> [Try it]: Among the lines below, how many have the string "text" in them? Only the number is wanted.

> [Supplied entries]:
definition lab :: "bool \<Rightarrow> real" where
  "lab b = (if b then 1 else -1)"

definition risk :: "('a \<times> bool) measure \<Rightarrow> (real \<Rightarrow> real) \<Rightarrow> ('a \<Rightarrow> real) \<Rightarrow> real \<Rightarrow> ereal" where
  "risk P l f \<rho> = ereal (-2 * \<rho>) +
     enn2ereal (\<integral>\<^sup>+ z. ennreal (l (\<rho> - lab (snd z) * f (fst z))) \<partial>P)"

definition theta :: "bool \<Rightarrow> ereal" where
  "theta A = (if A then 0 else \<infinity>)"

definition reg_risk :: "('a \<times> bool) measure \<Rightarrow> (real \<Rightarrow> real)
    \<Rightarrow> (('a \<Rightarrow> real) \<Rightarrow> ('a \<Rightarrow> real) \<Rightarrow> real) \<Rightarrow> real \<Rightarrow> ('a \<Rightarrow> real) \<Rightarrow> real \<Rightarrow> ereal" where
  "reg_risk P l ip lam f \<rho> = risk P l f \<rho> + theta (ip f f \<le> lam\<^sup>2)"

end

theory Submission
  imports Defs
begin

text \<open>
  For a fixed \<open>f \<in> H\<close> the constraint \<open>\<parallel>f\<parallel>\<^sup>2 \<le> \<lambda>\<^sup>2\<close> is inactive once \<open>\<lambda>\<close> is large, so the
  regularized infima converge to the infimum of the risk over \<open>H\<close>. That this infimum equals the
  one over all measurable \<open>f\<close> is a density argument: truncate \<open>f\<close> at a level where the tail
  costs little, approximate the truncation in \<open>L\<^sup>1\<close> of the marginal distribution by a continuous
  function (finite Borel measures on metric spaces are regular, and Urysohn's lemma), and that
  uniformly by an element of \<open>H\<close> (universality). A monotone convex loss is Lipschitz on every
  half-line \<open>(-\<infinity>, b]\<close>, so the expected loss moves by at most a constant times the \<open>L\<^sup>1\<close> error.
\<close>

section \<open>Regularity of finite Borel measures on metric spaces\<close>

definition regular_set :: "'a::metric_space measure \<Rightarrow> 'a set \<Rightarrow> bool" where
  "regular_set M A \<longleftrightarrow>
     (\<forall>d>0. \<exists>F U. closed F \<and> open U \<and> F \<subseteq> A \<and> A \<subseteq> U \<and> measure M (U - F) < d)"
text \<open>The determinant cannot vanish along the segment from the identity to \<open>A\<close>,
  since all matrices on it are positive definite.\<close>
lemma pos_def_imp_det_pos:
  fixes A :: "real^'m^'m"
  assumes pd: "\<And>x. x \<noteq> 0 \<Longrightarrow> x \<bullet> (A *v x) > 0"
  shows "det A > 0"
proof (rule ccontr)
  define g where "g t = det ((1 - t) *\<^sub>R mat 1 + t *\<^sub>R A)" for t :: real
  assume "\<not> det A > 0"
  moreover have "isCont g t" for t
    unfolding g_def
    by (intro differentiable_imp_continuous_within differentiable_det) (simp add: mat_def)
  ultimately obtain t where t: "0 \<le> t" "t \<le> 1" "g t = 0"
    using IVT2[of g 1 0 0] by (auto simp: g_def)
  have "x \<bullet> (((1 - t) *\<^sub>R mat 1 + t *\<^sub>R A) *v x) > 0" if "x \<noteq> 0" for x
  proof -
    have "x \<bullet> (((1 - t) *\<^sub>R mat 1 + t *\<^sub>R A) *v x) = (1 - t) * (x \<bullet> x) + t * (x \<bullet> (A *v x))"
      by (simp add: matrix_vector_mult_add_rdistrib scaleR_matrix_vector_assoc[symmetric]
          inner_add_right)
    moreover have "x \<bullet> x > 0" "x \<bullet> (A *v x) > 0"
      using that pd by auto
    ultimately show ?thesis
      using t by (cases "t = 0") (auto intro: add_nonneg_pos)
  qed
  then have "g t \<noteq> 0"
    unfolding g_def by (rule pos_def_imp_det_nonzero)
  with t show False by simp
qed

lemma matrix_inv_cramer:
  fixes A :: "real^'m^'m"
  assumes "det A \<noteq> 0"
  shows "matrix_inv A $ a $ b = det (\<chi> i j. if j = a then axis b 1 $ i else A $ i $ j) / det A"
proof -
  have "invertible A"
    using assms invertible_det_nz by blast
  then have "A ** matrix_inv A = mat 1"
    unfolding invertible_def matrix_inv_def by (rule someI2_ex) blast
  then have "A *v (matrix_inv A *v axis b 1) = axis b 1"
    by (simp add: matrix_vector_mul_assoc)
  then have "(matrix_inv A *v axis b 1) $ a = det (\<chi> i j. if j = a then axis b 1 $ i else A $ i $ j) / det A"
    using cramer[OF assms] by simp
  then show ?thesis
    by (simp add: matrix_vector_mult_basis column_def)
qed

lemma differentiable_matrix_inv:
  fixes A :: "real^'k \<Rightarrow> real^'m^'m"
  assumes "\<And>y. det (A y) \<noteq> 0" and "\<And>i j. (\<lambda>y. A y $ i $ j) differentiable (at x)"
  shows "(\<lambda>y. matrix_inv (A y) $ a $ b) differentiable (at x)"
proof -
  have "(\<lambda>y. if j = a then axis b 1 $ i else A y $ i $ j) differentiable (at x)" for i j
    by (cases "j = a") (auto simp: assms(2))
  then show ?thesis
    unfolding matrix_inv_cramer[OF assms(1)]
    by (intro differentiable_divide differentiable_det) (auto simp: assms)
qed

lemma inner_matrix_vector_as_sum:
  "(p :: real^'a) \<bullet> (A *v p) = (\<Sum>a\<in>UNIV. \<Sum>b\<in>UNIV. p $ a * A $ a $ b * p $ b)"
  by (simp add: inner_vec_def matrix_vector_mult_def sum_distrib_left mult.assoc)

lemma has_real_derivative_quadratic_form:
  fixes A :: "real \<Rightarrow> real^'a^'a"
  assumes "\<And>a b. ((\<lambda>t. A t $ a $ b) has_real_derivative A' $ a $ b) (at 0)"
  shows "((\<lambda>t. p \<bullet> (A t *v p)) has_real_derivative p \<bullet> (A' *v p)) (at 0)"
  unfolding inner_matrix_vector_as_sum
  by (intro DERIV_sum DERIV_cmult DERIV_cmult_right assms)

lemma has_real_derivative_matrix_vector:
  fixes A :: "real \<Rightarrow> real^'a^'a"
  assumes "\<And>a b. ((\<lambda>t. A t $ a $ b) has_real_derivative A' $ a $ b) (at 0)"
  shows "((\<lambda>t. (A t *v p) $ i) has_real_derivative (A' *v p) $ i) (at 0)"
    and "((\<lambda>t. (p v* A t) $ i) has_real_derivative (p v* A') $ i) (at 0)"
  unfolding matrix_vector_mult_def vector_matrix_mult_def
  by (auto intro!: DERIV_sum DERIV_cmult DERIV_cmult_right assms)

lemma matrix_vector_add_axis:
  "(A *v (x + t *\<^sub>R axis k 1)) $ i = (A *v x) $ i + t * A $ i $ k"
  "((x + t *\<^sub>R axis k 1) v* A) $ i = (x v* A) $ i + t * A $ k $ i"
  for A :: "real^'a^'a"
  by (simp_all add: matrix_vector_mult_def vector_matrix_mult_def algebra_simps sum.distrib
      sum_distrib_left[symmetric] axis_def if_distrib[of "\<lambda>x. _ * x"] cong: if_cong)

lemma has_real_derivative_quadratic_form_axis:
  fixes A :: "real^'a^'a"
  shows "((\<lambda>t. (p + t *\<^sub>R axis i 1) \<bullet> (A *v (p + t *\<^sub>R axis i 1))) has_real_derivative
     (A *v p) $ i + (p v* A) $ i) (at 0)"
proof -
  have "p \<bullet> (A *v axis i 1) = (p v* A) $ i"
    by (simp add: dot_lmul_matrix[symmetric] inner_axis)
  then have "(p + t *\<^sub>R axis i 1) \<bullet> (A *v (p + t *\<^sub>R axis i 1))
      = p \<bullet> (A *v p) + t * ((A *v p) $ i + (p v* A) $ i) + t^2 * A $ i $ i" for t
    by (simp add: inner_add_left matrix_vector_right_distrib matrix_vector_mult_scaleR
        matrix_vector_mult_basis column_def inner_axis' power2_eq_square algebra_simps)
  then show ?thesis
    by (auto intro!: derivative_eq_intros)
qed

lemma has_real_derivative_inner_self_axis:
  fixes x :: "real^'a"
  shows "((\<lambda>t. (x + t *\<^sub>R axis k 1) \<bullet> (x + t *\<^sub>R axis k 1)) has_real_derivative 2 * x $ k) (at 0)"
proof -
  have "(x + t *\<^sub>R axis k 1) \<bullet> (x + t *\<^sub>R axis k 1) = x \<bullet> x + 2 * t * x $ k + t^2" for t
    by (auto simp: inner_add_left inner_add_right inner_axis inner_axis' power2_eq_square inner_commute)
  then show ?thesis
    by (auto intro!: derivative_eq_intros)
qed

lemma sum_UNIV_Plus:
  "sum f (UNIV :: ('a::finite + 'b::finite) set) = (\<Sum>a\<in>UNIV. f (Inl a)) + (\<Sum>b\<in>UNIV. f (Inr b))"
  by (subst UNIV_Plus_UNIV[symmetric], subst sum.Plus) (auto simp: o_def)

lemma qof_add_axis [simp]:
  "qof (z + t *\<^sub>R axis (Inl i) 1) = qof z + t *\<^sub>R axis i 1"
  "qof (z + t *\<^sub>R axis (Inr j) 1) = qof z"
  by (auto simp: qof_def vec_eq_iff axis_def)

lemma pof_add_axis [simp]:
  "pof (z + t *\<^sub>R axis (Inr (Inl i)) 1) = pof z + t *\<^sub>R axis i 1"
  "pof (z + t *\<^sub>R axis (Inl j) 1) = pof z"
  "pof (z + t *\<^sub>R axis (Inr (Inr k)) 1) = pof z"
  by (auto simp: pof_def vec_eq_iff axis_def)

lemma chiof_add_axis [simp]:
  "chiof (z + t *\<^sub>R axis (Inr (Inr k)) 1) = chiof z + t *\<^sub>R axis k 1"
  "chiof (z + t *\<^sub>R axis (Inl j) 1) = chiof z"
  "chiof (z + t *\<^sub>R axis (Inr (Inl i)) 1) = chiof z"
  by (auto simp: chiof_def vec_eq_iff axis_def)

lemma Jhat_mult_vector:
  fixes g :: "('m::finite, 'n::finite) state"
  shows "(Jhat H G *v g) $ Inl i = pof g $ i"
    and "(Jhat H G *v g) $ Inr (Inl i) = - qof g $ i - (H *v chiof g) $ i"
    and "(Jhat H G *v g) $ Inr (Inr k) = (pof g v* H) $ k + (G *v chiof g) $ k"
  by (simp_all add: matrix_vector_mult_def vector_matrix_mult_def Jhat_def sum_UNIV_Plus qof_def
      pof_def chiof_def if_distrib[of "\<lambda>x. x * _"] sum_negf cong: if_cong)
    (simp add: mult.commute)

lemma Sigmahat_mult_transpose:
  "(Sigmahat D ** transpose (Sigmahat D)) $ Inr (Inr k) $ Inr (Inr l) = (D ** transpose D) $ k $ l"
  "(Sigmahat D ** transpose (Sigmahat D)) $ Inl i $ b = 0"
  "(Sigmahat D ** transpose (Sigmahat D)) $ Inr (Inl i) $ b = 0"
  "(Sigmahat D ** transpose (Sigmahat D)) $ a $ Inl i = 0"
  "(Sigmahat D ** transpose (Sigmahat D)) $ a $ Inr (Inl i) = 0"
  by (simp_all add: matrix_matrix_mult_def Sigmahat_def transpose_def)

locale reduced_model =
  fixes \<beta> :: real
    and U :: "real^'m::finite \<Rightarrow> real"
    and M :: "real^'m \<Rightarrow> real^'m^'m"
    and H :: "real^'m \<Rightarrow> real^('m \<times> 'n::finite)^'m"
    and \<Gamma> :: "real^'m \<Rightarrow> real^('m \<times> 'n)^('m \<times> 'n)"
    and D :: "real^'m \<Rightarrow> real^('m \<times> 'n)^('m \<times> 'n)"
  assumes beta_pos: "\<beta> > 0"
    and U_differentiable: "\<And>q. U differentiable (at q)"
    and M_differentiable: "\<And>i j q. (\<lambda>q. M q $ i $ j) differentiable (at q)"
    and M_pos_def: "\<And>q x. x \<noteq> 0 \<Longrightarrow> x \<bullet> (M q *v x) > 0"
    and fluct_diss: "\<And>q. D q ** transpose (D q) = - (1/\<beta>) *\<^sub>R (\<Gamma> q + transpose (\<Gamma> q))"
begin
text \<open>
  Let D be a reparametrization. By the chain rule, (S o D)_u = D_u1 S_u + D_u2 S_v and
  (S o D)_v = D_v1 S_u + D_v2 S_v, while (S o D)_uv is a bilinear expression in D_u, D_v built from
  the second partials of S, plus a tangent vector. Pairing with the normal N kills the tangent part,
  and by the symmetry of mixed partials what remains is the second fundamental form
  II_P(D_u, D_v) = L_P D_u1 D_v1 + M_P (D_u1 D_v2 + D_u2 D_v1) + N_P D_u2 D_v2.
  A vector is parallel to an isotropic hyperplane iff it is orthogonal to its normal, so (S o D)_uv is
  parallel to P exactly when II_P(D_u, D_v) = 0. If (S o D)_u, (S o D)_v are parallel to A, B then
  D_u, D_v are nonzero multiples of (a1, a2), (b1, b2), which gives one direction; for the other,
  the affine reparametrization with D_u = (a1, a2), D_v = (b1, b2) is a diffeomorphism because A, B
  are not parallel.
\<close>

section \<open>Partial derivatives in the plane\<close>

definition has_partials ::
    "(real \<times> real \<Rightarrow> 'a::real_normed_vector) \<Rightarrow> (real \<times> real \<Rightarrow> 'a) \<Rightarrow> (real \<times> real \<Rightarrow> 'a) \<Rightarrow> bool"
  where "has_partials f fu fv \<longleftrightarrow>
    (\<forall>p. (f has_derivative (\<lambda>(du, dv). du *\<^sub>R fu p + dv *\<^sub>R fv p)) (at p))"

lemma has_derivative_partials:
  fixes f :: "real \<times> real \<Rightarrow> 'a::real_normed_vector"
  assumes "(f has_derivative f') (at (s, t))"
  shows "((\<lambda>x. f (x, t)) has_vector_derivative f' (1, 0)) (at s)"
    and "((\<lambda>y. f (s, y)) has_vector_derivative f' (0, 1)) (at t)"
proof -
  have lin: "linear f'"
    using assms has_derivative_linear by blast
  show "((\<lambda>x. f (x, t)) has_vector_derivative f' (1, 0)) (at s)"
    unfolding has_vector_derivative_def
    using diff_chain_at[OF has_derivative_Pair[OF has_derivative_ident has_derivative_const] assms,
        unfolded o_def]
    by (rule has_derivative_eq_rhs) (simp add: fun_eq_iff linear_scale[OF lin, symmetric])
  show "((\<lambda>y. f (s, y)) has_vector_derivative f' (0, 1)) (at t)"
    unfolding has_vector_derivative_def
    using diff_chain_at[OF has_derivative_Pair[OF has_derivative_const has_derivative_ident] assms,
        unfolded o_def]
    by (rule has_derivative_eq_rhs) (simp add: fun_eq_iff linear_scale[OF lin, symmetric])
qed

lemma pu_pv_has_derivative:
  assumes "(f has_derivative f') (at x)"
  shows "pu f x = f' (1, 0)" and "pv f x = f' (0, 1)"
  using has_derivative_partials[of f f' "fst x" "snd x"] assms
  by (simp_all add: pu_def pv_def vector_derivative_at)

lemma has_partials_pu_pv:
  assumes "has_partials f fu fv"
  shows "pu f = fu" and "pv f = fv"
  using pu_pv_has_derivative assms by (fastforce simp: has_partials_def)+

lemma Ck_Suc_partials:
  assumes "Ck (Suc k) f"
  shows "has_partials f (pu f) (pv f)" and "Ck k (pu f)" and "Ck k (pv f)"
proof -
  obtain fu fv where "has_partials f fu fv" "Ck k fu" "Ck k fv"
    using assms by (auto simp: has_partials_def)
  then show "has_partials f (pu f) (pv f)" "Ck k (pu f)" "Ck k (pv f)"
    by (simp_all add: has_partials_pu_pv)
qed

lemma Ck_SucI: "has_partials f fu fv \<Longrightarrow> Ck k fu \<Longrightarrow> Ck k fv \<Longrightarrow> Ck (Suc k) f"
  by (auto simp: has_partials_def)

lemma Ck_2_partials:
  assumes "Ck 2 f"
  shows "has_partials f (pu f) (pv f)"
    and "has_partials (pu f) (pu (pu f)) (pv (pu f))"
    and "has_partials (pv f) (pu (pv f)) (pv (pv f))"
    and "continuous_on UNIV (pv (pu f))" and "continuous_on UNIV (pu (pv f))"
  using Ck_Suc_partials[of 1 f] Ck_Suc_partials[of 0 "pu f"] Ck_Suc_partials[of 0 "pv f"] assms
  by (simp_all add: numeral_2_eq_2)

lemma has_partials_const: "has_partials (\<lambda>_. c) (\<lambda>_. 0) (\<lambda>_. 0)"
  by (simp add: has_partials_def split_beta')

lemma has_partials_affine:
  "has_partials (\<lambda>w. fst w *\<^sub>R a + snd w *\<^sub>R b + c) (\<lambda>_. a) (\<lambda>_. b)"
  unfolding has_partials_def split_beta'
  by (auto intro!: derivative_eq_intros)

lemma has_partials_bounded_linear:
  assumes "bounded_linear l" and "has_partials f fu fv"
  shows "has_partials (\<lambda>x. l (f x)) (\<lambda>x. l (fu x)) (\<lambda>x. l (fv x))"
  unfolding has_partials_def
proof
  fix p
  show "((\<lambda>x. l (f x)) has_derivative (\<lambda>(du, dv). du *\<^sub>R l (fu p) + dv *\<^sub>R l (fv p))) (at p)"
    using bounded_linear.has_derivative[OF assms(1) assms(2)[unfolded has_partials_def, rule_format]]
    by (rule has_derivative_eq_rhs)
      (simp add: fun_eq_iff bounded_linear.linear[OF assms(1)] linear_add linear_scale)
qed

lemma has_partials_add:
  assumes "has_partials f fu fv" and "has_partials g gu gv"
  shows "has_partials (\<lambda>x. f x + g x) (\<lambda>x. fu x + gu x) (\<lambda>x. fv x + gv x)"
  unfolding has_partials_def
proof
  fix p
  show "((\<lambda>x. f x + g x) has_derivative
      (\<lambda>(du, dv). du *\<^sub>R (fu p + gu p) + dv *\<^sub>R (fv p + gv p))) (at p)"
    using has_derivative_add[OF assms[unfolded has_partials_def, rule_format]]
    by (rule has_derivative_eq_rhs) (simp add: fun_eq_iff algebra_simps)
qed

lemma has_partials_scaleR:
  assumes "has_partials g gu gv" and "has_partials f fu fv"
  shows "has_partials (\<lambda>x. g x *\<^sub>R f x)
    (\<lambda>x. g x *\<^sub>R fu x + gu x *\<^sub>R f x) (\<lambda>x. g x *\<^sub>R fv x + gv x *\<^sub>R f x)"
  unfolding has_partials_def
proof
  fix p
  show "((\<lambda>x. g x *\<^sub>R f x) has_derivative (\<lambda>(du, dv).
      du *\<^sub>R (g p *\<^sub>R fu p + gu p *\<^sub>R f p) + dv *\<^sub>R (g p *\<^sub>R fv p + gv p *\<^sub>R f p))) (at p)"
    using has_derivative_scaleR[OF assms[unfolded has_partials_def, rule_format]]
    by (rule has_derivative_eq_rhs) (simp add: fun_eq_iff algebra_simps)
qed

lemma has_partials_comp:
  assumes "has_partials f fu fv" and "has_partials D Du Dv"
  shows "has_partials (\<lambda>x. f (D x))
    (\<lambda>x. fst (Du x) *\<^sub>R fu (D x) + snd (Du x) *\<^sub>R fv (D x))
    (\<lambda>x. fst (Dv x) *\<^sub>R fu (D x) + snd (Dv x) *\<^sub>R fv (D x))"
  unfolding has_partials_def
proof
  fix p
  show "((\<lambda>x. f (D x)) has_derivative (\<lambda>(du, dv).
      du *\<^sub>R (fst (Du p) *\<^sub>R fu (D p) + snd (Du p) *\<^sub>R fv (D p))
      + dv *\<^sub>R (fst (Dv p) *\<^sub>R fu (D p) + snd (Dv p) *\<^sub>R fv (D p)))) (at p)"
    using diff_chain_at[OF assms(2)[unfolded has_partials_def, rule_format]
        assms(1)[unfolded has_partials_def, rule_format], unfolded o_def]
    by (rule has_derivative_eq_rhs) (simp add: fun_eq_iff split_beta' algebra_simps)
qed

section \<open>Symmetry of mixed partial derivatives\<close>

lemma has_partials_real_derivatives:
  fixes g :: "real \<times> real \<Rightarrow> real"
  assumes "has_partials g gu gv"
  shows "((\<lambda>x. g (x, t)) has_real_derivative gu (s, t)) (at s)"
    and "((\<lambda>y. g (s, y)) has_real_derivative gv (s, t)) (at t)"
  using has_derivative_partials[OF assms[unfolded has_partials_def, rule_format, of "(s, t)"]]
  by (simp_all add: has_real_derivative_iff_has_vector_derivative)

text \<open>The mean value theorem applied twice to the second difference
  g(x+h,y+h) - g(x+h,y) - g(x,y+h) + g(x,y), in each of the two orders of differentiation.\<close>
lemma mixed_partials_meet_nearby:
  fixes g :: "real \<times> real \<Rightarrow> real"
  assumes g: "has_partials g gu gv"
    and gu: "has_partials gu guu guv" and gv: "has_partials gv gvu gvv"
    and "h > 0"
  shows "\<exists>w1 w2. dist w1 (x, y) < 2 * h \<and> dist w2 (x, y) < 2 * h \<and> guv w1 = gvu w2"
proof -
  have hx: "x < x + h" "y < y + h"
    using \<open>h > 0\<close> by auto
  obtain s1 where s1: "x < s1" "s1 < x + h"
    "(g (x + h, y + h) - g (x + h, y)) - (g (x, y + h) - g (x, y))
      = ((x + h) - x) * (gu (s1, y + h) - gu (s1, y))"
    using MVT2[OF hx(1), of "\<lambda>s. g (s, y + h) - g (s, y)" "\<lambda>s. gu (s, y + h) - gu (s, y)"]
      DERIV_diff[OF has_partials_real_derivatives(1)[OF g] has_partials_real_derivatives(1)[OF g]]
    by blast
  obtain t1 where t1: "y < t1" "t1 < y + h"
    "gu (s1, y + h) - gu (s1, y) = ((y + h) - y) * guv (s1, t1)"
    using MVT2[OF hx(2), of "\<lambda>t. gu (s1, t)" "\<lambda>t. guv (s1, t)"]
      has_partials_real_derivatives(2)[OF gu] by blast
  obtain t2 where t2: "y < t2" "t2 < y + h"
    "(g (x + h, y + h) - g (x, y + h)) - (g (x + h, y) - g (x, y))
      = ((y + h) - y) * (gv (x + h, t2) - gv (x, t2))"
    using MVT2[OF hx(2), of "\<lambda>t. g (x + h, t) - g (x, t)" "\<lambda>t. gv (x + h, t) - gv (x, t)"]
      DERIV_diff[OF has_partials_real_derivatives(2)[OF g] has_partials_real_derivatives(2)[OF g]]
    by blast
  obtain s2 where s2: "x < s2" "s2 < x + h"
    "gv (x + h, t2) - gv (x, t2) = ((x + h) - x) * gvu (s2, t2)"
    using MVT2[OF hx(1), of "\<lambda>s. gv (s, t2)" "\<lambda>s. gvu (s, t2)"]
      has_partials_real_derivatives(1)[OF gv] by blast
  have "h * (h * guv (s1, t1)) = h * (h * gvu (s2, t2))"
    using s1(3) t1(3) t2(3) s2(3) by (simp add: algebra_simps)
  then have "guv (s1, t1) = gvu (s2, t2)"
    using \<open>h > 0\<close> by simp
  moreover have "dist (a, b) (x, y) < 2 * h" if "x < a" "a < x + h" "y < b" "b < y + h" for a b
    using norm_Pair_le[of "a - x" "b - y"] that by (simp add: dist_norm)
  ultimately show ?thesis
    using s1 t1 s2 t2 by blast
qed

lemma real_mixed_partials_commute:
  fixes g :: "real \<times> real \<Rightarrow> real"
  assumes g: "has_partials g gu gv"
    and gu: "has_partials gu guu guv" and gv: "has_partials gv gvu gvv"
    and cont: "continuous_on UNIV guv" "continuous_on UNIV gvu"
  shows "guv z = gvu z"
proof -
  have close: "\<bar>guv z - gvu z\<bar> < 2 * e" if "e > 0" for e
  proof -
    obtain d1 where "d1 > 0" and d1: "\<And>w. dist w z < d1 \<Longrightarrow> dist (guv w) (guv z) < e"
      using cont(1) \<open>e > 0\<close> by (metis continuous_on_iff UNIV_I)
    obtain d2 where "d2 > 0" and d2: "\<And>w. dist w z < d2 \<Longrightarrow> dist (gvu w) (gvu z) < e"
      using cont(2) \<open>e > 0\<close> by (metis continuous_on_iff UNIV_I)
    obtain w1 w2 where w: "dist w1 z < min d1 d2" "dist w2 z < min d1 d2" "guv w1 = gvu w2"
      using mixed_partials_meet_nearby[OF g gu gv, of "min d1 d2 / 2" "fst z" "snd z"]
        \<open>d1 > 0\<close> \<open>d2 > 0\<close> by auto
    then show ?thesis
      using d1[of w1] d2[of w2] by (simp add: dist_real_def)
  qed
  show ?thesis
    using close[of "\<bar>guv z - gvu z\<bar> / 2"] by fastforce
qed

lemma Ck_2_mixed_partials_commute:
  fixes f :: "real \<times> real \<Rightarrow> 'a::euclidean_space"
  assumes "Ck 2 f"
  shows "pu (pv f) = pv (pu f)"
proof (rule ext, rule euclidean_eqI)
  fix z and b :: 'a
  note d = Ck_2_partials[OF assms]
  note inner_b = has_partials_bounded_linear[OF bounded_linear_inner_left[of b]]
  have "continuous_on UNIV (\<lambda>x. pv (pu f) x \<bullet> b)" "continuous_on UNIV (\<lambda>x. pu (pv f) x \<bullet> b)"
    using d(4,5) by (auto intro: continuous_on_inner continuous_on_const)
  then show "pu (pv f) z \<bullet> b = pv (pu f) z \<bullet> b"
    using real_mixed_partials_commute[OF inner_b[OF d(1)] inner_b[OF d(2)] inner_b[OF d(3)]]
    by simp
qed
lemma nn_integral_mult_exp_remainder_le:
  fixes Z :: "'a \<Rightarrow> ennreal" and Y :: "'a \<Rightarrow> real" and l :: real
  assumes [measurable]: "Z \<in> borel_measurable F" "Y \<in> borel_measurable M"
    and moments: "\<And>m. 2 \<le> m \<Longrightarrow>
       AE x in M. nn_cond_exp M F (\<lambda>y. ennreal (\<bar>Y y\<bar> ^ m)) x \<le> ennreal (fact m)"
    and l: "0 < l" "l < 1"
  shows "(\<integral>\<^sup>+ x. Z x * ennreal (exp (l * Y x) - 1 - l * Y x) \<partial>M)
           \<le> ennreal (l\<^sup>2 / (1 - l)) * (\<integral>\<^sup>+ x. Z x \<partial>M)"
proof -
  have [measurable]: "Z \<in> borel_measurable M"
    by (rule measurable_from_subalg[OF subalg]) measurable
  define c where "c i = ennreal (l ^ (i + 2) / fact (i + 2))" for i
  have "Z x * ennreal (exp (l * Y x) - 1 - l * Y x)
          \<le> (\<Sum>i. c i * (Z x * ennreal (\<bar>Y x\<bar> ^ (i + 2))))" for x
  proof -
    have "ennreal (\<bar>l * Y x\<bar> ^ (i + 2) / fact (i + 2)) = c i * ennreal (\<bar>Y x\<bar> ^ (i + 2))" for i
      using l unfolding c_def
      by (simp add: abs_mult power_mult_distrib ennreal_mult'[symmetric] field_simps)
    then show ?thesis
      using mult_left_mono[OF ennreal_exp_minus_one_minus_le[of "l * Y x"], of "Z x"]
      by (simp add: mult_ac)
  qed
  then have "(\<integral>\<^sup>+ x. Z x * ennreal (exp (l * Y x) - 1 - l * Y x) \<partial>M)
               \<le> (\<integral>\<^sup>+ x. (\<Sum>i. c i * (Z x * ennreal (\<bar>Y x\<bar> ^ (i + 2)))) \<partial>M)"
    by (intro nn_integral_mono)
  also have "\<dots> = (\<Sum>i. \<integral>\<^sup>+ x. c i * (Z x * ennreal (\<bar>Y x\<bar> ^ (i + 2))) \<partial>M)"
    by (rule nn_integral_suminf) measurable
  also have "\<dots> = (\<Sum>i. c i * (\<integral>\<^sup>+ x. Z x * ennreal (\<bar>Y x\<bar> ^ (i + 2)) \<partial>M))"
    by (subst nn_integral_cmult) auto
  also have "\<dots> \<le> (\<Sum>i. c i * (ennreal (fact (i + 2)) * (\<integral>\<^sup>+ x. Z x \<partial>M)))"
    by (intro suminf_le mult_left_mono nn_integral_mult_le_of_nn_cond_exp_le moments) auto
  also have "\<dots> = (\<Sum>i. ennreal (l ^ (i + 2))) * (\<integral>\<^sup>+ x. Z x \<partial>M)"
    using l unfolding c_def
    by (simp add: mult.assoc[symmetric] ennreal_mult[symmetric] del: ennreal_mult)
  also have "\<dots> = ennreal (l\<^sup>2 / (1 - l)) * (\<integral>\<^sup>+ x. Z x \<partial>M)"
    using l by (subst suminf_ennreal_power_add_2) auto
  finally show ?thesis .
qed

> [Output for this task]: 4